Жизненный и творческий путь Джека Тигардена во многом похож на путь Расселла. Тигарден родился на год раньше Расселла. Оба в юности путешествовали с ансамблями по Юго-Западу США, некоторое время даже играли вместе в одном оркестре. Оба постепенно выработали свой ярко индивидуальный стиль, который было легко воспринимать, но трудно имитировать. Оба музыканта жили достаточно долго, смогли развить свой талант, оставили после себя значительное число грамзаписей.
Джек Тигарден родился в небольшом техасском городке Верноне; здесь на хлопкообрабатывающих и нефтеперегонных предприятиях работало много негров, прибывавших из глубинных районов Юга. В отличие от других белых музыкантов Тигарден постоянно общался с неграми. Один музыкант рассказывал, что он знал Тигардена в 1921 году, когда ему было шестнадцать лет, и что «одна из его странностей состояла в том, что вечерами он тянул меня слушать какой-нибудь негритянский оркестр. Он всегда старался совершенствовать свой стиль игры».
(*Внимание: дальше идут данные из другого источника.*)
(* Let $w_1,w_2,w_3>0$ and let $D$ be the real symmetric $4\times4$ matrix with $D_{i,i+1}=D_{i+1,i}=w_i^{-1}$ for $i=1,2,3$ and all other entries $0$. Let $\lambda=d^D(1,4)$. If $w_2>\sqrt{w_1w_3}$ then $$\lambda=\frac{\sqrt{w_1^2+w_2^2}\,\sqrt{w_3^2+w_2^2}}{w_2},$$ and if $w_2\le\sqrt{w_1w_3}$ then $\lambda=w_1+w_3$.
   Context: For a self-adjoint $n\times n$ matrix $M$, $d^M(i,j)=\sup\{|a(i)-a(j)| : a\in\mathbb{C}^n,\ \|[M,\pi(a)]\|\le 1\}$, where $\pi(a)=\mathrm{diag}(a(1),\dots,a(n))$ and $\|\cdot\|$ is the operator norm. *)

theory Defs
  imports "HOL-Analysis.Analysis" "HOL-Library.Numeral_Type"
begin

definition diag_mat :: "complex ^ 'n \<Rightarrow> complex ^ 'n ^ 'n" where
  "diag_mat a = (\<chi> i j. if i = j then a $ i else 0)"

definition op_norm :: "complex ^ 'n ^ 'n \<Rightarrow> real" where
  "op_norm A = onorm (\<lambda>x. A *v x)"

definition commutator :: "complex ^ 'n ^ 'n \<Rightarrow> complex ^ 'n ^ 'n \<Rightarrow> complex ^ 'n ^ 'n" where
  "commutator A B = A ** B - B ** A"

definition connes_dist :: "complex ^ 'n ^ 'n \<Rightarrow> 'n \<Rightarrow> 'n \<Rightarrow> real" where
  "connes_dist M i j =
     Sup {cmod (a $ i - a $ j) | a. op_norm (commutator M (diag_mat a)) \<le> 1}"

(* The 4x4 tridiagonal matrix D; index type 4 has elements 0,1,2,3 which
   correspond to the paper's indices 1,2,3,4 *)
definition D4 :: "real \<Rightarrow> real \<Rightarrow> real \<Rightarrow> complex ^ 4 ^ 4" where
  "D4 w1 w2 w3 = (\<chi> i j.
      if {i, j} = {0, 1} then complex_of_real (1 / w1)
      else if {i, j} = {1, 2} then complex_of_real (1 / w2)
      else if {i, j} = {2, 3} then complex_of_real (1 / w3)
      else 0)"

end

theory Submission
  imports Defs
begin

(* Write C = [D, pi(a)]; its only nonzero entries are C(i,i+1) = -C(i+1,i) = (a(i+1) - a(i)) / w_i.
   Upper bounds: when ||C|| <= 1, every pairing sum_i v(i) (C u)(i) is at most |v| |u|, and suitable
   real test vectors u, v make this pairing telescope to a multiple of a(4) - a(1).
   Lower bounds: for real increments w1 p, w2 q, w3 r of a, C is the real antisymmetric tridiagonal
   matrix with entries p, q, r, and ||C|| <= 1 as soon as p^2, r^2 <= 1 and q^2 <= (1 - p^2)(1 - r^2),
   since |u|^2 - |C u|^2 then splits into two nonnegative quadratic forms. Maximising w1 p + w2 q + w3 r
   under these constraints gives the two formulas: the corner (p, q, r) = (1, 0, 1) when
   w2^2 <= w1 w3, and otherwise a point where the last constraint is active. *)

abbreviation connes_lipschitz :: "complex ^ 'n ^ 'n \<Rightarrow> complex ^ 'n \<Rightarrow> bool" where
  "connes_lipschitz M a \<equiv> op_norm (commutator M (diag_mat a)) \<le> 1"

lemma connes_dist_eqI:
  assumes bound: "\<And>a. connes_lipschitz M a \<Longrightarrow> cmod (a $ i - a $ j) \<le> L"
    and attained: "connes_lipschitz M b" "cmod (b $ i - b $ j) = L"
  shows "connes_dist M i j = L"
  unfolding connes_dist_def
proof (rule cSup_eq_maximum)
  show "L \<in> {cmod (a $ i - a $ j) |a. connes_lipschitz M a}"
    using attained by blast
qed (use bound in blast)

lemma norm_mult_vec_le_op_norm: "norm (M *v u) \<le> op_norm M * norm (u :: complex ^ 'n)"
  unfolding op_norm_def by (rule onorm) simp

lemma cmod_pairing_le: "cmod (\<Sum>i\<in>UNIV. v $ i * u $ i) \<le> norm (v :: complex ^ 'n) * norm u"
proof -
  have "cmod (\<Sum>i\<in>UNIV. v $ i * u $ i) \<le> (\<Sum>i\<in>UNIV. \<bar>cmod (v $ i)\<bar> * \<bar>cmod (u $ i)\<bar>)"
    using norm_sum[of "\<lambda>i. v $ i * u $ i"] by (simp add: norm_mult)
  also have "\<dots> \<le> L2_set (\<lambda>i. cmod (v $ i)) UNIV * L2_set (\<lambda>i. cmod (u $ i)) UNIV"
    by (rule L2_set_mult_ineq)
  finally show ?thesis by (simp add: norm_vec_def)
qed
Тигарден в пять лет начал играть на баритон-горне, а в восемь перешел на тромбон, благо мундштуки этих инструментов сходны. В пятнадцать лет он стал гастролировать вместе со своей матерью — профессиональной пианисткой. В течение последующих семи лет он объездил весь Юго-Запад США. Некоторое время выступал с группой «Peck's Bad Boys», которой руководил легендарный пианист Джон Диксон „Пек" Келли (род. в 1898 г.). По мнению Тигардена, Келли был тогда одним из лучших джазовых пианистов. Несмотря на множество лестных предложений от знаменитых руководителей оркестров, он решительно отказывался делать грамзаписи или покидать район Хьюстона, Галвестона и Сан-Антонио, где протекала его творческая жизнь.
В 1927 году Тигарден приехал в Нью-Йорк, где вместе с Пи Ви Расселлом и Уинджи Маноном, с которыми когда-то играл на Юге, стал посещать нью-йоркские джем-сешн. Он буквально потряс своих коллег и уже через несколько недель имел несколько выгоднейших ангажементов. Его репутация была так высока, что в дальнейшем он никогда не оставался без работы. В 1933 году Тигарден подписал пятилетний контракт с Полом Уайтменом; после истечения этого срока на волне новой моды организовал свой биг-бэнд, игравший в стиле свинг. Его оркестры никогда не пользовались особым успехом, и в 1946 году он окончательно отказался от этой затеи. В течение следующих пяти лет он работал в оркестре «All-Stars» Луи Армстронга, а после этого — в маленьких группах, стиль игры которых был близок к диксиленду. Творческая жизнь Тигардена была долгой и удачливой. С его участием было записано свыше тысячи пластинок, в разное время ему довелось выступать с большинством крупнейших мастеров джаза. Умер он окруженный почетом и уважением в 1964 году.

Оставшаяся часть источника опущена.